What the task requires
Please report how many lines in the data underneath hold the word "positivity", with no other text.

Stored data
....

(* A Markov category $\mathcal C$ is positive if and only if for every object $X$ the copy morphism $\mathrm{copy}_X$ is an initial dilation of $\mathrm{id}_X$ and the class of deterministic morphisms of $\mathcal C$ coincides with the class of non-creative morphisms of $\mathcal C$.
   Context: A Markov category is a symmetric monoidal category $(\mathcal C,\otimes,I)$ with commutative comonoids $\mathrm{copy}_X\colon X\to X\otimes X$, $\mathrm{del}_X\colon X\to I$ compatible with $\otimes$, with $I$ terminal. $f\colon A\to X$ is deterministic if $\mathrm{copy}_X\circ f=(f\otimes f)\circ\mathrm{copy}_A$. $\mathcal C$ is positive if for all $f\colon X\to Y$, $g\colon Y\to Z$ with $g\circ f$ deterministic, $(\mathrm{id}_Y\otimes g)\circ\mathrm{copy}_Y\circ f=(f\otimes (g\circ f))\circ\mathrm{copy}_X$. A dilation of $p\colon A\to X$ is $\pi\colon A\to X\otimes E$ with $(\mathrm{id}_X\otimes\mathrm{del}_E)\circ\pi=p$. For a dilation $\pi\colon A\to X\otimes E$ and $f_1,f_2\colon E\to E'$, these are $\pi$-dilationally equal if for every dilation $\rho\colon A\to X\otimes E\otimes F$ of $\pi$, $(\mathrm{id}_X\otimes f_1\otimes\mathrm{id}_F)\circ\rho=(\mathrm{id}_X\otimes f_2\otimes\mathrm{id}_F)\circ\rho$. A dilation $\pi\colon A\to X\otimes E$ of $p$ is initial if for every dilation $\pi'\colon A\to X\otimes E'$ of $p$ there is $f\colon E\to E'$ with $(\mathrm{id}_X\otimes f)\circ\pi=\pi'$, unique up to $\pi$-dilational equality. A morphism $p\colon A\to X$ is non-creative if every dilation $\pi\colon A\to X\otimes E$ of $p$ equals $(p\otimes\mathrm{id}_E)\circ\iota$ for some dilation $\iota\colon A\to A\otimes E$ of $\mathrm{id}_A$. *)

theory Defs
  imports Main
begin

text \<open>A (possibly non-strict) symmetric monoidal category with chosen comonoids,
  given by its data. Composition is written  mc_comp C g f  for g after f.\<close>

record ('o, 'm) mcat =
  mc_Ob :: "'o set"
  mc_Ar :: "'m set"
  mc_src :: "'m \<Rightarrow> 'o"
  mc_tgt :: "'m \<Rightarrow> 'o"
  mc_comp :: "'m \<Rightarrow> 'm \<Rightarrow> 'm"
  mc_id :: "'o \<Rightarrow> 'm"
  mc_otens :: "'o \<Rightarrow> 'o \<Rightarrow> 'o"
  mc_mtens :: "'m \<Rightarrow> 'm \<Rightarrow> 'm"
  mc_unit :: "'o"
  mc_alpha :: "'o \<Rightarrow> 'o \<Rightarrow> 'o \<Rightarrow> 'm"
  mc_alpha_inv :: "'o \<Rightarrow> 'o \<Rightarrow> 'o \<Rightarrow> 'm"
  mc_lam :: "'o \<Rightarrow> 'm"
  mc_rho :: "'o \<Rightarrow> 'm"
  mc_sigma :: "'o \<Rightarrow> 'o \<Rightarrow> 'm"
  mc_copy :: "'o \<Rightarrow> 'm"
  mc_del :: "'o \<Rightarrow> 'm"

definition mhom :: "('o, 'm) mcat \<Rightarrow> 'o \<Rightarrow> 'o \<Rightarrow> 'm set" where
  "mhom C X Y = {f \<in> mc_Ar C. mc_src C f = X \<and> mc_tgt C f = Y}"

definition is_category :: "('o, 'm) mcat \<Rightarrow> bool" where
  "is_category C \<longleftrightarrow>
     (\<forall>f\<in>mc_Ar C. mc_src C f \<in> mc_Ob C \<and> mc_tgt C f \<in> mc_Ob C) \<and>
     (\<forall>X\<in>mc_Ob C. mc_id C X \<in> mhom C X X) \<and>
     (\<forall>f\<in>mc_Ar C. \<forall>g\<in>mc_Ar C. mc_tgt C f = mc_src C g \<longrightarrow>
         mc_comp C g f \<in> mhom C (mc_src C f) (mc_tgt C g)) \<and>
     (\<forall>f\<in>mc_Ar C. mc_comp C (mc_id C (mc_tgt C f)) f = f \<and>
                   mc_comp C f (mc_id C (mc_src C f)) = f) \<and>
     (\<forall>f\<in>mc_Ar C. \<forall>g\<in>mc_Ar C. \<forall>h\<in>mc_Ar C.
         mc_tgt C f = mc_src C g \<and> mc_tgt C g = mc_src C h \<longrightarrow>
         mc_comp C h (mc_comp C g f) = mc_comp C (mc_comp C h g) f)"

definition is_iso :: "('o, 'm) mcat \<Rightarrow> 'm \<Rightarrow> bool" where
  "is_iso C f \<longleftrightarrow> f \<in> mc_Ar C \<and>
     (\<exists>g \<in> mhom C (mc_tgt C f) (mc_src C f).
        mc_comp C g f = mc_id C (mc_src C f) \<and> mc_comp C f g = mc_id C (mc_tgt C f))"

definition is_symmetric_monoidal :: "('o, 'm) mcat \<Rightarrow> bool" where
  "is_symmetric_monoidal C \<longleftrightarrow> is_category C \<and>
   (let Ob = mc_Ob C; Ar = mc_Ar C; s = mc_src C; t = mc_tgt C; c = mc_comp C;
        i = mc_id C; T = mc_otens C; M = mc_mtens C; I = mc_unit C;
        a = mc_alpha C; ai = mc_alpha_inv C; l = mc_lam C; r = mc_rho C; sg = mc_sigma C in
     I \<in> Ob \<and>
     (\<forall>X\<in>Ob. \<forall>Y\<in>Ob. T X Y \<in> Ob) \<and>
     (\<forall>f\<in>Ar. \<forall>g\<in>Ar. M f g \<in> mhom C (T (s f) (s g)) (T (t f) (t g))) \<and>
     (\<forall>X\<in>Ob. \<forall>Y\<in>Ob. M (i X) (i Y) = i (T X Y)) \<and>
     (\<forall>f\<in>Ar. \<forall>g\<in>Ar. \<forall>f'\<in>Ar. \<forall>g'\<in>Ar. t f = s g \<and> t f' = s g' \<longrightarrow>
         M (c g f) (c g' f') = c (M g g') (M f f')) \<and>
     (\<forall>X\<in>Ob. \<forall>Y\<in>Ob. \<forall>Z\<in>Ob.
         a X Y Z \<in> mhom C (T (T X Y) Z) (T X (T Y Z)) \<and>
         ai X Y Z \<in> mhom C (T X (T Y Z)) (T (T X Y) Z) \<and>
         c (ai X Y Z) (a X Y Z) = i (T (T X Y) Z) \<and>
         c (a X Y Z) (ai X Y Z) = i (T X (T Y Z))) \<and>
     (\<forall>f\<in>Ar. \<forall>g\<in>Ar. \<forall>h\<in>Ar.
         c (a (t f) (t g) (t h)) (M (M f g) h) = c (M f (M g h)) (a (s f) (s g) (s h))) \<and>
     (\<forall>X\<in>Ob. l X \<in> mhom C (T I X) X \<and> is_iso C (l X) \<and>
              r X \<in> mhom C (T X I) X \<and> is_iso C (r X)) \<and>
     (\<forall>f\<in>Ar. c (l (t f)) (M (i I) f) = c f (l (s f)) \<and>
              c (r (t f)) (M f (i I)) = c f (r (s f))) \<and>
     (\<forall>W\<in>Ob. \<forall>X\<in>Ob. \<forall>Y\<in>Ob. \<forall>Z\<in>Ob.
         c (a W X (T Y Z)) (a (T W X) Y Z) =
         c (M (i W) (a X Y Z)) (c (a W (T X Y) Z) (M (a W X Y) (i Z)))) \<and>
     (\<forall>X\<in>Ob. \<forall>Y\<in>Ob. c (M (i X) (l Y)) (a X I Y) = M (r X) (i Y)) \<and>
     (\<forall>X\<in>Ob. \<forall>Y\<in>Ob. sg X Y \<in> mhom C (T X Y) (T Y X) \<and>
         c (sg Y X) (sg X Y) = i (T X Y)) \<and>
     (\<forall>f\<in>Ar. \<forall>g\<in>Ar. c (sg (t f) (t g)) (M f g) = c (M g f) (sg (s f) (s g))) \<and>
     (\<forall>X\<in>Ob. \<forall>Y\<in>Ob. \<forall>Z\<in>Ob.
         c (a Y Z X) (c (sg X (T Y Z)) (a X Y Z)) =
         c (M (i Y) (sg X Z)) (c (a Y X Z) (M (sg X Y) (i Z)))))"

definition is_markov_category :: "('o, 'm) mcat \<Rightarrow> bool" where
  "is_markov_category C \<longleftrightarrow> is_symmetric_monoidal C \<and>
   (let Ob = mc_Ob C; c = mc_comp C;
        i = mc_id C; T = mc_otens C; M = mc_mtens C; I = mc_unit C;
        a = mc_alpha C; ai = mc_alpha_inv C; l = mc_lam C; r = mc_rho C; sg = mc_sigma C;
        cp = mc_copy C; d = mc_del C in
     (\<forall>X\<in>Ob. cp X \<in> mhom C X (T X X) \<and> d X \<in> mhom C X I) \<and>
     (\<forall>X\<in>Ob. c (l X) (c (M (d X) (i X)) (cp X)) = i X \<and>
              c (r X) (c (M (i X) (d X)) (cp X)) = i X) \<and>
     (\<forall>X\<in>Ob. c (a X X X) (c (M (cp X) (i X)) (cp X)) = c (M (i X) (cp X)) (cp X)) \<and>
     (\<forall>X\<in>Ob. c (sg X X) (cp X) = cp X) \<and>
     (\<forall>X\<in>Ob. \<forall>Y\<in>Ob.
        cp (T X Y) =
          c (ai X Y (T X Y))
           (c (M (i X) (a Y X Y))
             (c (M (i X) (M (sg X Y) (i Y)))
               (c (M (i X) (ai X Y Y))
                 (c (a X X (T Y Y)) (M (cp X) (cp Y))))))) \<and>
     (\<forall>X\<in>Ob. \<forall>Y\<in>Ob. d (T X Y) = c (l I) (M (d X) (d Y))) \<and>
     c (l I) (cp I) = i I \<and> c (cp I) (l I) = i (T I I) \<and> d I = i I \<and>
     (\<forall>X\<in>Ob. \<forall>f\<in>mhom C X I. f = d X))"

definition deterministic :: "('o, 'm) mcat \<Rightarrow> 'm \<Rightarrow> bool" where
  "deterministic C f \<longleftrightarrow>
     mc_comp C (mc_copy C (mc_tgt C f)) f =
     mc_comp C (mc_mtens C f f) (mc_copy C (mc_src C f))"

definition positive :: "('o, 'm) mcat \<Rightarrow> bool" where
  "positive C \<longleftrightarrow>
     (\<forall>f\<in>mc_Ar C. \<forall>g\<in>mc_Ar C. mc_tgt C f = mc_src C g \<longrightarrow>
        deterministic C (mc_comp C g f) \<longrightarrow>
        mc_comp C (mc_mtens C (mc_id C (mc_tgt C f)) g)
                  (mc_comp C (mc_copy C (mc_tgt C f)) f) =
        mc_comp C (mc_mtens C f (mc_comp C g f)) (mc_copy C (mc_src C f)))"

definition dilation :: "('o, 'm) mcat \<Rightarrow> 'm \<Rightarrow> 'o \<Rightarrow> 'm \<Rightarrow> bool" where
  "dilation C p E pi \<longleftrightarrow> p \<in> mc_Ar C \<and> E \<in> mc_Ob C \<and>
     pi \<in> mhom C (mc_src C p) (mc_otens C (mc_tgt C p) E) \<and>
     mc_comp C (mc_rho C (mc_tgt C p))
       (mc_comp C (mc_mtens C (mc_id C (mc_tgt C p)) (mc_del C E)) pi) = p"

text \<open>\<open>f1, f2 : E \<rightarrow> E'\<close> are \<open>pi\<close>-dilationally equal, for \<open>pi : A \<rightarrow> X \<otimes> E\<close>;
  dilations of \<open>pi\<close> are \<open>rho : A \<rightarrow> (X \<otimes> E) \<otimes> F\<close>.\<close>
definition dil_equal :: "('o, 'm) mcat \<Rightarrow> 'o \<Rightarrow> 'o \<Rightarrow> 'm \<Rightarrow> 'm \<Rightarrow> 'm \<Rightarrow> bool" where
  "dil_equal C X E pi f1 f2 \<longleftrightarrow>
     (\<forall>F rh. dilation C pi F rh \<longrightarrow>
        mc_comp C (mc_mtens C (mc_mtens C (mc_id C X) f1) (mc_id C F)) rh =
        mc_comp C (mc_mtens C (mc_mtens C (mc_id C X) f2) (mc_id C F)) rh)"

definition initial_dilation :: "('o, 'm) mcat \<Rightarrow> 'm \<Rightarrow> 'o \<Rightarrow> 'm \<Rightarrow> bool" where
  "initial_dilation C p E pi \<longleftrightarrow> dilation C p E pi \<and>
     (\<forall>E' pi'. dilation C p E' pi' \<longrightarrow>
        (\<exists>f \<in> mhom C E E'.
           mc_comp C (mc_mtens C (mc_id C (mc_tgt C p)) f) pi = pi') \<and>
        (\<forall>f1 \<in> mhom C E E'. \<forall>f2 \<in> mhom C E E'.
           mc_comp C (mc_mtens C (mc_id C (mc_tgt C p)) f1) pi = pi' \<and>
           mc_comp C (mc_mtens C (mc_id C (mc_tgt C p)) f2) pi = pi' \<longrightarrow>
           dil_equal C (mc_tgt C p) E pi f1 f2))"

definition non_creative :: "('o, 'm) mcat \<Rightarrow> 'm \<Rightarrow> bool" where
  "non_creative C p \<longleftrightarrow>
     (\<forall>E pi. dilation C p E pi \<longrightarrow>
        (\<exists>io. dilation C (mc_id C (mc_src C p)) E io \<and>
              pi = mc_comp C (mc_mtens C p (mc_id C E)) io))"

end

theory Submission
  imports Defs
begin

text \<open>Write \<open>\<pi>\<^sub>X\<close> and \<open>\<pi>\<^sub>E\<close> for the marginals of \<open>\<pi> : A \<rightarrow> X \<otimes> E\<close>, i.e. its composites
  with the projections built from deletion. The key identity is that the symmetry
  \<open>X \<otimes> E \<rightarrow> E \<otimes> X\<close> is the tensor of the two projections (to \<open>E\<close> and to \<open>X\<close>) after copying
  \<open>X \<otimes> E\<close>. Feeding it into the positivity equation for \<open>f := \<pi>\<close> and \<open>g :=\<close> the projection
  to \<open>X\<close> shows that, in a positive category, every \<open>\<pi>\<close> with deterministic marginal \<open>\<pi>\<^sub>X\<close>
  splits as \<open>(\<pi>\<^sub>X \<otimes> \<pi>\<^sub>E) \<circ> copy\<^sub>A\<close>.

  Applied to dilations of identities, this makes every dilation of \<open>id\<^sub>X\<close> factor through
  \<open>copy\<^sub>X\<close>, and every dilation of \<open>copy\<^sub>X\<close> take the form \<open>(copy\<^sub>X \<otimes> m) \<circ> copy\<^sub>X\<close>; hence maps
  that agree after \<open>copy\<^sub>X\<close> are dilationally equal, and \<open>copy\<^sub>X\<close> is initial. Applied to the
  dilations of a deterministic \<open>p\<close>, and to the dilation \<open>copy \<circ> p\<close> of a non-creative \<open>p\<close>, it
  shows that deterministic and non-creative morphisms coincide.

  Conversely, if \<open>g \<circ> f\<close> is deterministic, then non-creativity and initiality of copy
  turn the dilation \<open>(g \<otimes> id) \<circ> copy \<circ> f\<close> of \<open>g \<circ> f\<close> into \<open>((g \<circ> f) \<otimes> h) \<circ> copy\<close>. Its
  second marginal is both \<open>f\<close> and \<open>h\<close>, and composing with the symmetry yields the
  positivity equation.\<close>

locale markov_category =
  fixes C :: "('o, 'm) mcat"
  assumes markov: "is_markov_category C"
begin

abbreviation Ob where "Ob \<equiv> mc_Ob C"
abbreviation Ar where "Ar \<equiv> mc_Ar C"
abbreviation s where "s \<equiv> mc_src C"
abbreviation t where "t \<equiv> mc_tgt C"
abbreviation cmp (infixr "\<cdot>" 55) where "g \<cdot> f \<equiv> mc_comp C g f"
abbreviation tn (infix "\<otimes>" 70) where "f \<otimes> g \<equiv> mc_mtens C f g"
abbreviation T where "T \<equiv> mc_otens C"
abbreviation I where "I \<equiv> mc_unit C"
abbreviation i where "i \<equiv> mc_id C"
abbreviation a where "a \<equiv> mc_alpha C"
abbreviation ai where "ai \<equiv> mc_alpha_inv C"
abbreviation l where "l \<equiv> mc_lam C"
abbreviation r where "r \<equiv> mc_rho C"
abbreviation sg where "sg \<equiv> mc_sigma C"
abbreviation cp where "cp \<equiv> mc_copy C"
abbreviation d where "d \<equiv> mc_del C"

....

Expected output
2